# Gaggia prestige



## Dom36 (Nov 17, 2013)

Hi, I've just purchased this machine, and had a play around with it, using half a bag of coffee and a pint of milk, I've got the hang of the basics, but now have a couple of questions for those in the know.

When I've made an espresso, and I go to remove the coffee 'cake' from the portafiller, it's still wet, is this right? I would have expected the moisture to drop down into the coffee and for this to be dry?

From pressing the brew button on the front, how long should I be letting the coffee pour?
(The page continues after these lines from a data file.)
(* Let $i\ge 1$ be an integer and let $\mathcal L_1,\mathcal L_2$ be countable classes of linear orders such that each $L\in\mathcal L_1\cup\mathcal L_2$ is isomorphic to a linear order of the form $\omega\cdot\mathbf i+K$ where $\omega\cdot\mathbf i$ is not isomorphic to any interval of $K$. Then $\mathcal L_1=\mathcal L_2$ (as classes of isomorphism types) if and only if $\mathrm{Shuf}(\mathcal L_1)\cong\mathrm{Shuf}(\mathcal L_2)$. Moreover, if $\mathrm{Shuf}(\mathcal L_1)$ contains an interval isomorphic to $\omega\cdot(\mathbf{i+1})$, then there is a linear order $K$ with $\omega\cdot(\mathbf{i+1})+K\in\mathcal L_1$ (up to isomorphism).
   Context: $\mathbf n$ is the finite linear order with $n$ elements, $\omega$ the order type of $(\mathbb N;\le)$, $L_1+L_2$ the ordered sum ($L_1$ before $L_2$), and $L_1\cdot L_2$ is the sum over $L_2$ of copies of $L_1$ (so $\omega\cdot\mathbf i$ is $i$ copies of $\omega$ in sequence). An interval is a convex subset. For a countable set $I$, a dense $I$-coloring of $\mathbb Q$ is a map $c:\mathbb Q\to I$ taking every value of $I$ between any two rationals; for $\mathcal L=\{L_j\mid j\in I\}$, $\mathrm{Shuf}(\mathcal L)=\sum_{x\in\mathbb Q}L_{c(x)}$ (independent of $c$ up to isomorphism). "$\mathcal L_1=\mathcal L_2$" means every member of each class is isomorphic to a member of the other; "$L\in\mathcal L$" means $\mathcal L$ contains an order isomorphic to $L$. *)

theory Defs
  imports Main "HOL-Library.Countable_Set"
begin
lemma lc_pos_uminus: "lc_pos x \<Longrightarrow> \<not> lc_pos (- x)"
proof
  assume "lc_pos x" "lc_pos (- x)"
  then obtain p t where p: "0 < Rep_lc x p" "\<forall>r<p. Rep_lc x r = 0"
    and t: "0 < - Rep_lc x t" "\<forall>r<t. - Rep_lc x r = 0"
    unfolding lc_pos_iff_leading uminus_lc.rep_eq by blast
  have "p = t" by (rule lc_leading_unique[of x]) (use p t in auto)
  with p t show False by auto
qed

lemma lc_pos_or_uminus: "x \<noteq> 0 \<Longrightarrow> lc_pos x \<or> lc_pos (- x)"
proof -
  assume "x \<noteq> 0"
  then obtain q0 where "Rep_lc x q0 \<noteq> 0" by (metis lc_eq_iff zero_lc.rep_eq)
  then obtain t where t: "Rep_lc x t \<noteq> 0" "\<forall>r<t. Rep_lc x r = 0"
    using lc_leading_exists by blast
  then have "0 < Rep_lc x t \<or> 0 < Rep_lc (- x) t"
    by (auto simp: uminus_lc.rep_eq)
  then show ?thesis
    unfolding lc_pos_iff_leading using t by (auto simp: uminus_lc.rep_eq)
qed

instance lc :: linordered_ab_group_add
proof
  fix x y z :: lc
  show "(x < y) = (x \<le> y \<and> \<not> y \<le> x)"
    unfolding less_eq_lc_def less_lc_def
    by (metis diff_self lc_pos_def minus_diff_eq lc_pos_uminus)
  show "x \<le> x" unfolding less_eq_lc_def by simp
  show "x \<le> y \<Longrightarrow> y \<le> z \<Longrightarrow> x \<le> z"
    unfolding less_eq_lc_def less_lc_def
    by (metis diff_add_cancel add_diff_eq lc_pos_add)
  show "x \<le> y \<Longrightarrow> y \<le> x \<Longrightarrow> x = y"
    unfolding less_eq_lc_def less_lc_def
    by (metis minus_diff_eq lc_pos_uminus)
  show "x \<le> y \<Longrightarrow> z + x \<le> z + y"
    unfolding less_eq_lc_def less_lc_def by simp
  show "x \<le> y \<or> y \<le> x"
    unfolding less_eq_lc_def less_lc_def
    by (metis eq_iff_diff_eq_0 minus_diff_eq lc_pos_or_uminus)
qed

lemma lc_less_iff_leading:
  "x < y \<longleftrightarrow> (\<exists>q. 0 < Rep_lc (y - x) q \<and> (\<forall>r<q. Rep_lc (y - x) r = 0))"
  by (simp add: less_lc_def lc_pos_iff_leading)

lift_definition lc_half :: "lc \<Rightarrow> lc" is "\<lambda>x q. x q / 2"
  unfolding left_finite_def by simp

lemma lc_half_double: "lc_half x + lc_half x = x"
  by transfer auto

lemma lc_half_pos: "0 < x \<Longrightarrow> 0 < lc_half x"
  unfolding lc_less_iff_leading by (auto simp: minus_lc.rep_eq zero_lc.rep_eq lc_half.rep_eq)

lemma lc_half_add_less: "a < lc_half e \<Longrightarrow> b < lc_half e \<Longrightarrow> a + b < e"
  using add_strict_mono lc_half_double by metis

instance lc :: dense_linorder
proof
  fix x y :: lc
  assume "x < y"
  then have "0 < lc_half (y - x)" by (simp add: lc_half_pos)
  moreover have "x + lc_half (y - x) + lc_half (y - x) = y"
    by (metis add.assoc add.commute diff_add_cancel lc_half_double)
  ultimately show "\<exists>z>x. z < y"
    by (metis less_add_same_cancel1)
qed

lift_definition lc_monom :: "rat \<Rightarrow> lc" is "\<lambda>q r. if r = q then 1 else 0"
  unfolding left_finite_def by (auto intro: finite_subset[of _ "{_}"])

lemma lc_monom_pos: "0 < lc_monom q"
  unfolding lc_less_iff_leading
  by (intro exI[of _ q]) (simp add: minus_lc.rep_eq zero_lc.rep_eq lc_monom.rep_eq)

lemma lc_monom_antimono: "p \<le> q \<Longrightarrow> lc_monom q \<le> lc_monom p"
  unfolding order.order_iff_strict lc_less_iff_leading
  by (cases "p = q") (auto intro!: exI[of _ p] simp: minus_lc.rep_eq lc_monom.rep_eq)

definition vanishes_upto :: "rat \<Rightarrow> lc \<Rightarrow> bool" where
  "vanishes_upto q x \<longleftrightarrow> (\<forall>r\<le>q. Rep_lc x r = 0)"

lemma vanishes_upto_add: "vanishes_upto q x \<Longrightarrow> vanishes_upto q y \<Longrightarrow> vanishes_upto q (x + y)"
  by (simp add: vanishes_upto_def plus_lc.rep_eq)

lemma vanishes_upto_diff: "vanishes_upto q x \<Longrightarrow> vanishes_upto q y \<Longrightarrow> vanishes_upto q (x - y)"
  by (simp add: vanishes_upto_def minus_lc.rep_eq)

lemma vanishes_upto_zero: "vanishes_upto q 0"
  by (simp add: vanishes_upto_def zero_lc.rep_eq)

lemma vanishes_upto_monom: "q < p \<Longrightarrow> vanishes_upto q (lc_monom p)"
  by (auto simp: vanishes_upto_def lc_monom.rep_eq)

lemma vanishes_upto_bounded:
  assumes "0 < e"
  obtains q where "\<And>x. vanishes_upto q x \<Longrightarrow> - e < x \<and> x < e"
proof -
  obtain p where p: "0 < Rep_lc e p" "\<forall>r<p. Rep_lc e r = 0"
    using assms unfolding lc_less_iff_leading by (auto simp: minus_lc.rep_eq zero_lc.rep_eq)
  have "- e < x \<and> x < e" if "vanishes_upto p x" for x
    using p that unfolding lc_less_iff_leading vanishes_upto_def
    by (auto intro!: exI[of _ p] simp: plus_lc.rep_eq minus_lc.rep_eq uminus_lc.rep_eq)
  then show ?thesis using that by blast
qed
Currently I'm just brewing into a cup thats small enough to fit under the unit, however I guess getting some proper shot glasses would solve this problem as I'd just fill these, then stop brewing.

1 level spoon of the measure makes 2 single shots of espresso, or would it be 1 level measure for 1 shot?

It's a shame the manual doesn't give specifics on how to make/brew the coffee









Thanks for for any help


----------



## jeebsy (May 5, 2013)

Your machine might not have a three way solenoid which is what removes the excess water from the puck - this isn't a biggie.

Ideal extraction time is generally given as 27 secs give or take a few either side.

You want your extraction to be based on weight so get yourself some scales. It should be roughly 1.6 times however much coffee you use, so 18 grams of coffee in would give you a shot of about 29 grams out.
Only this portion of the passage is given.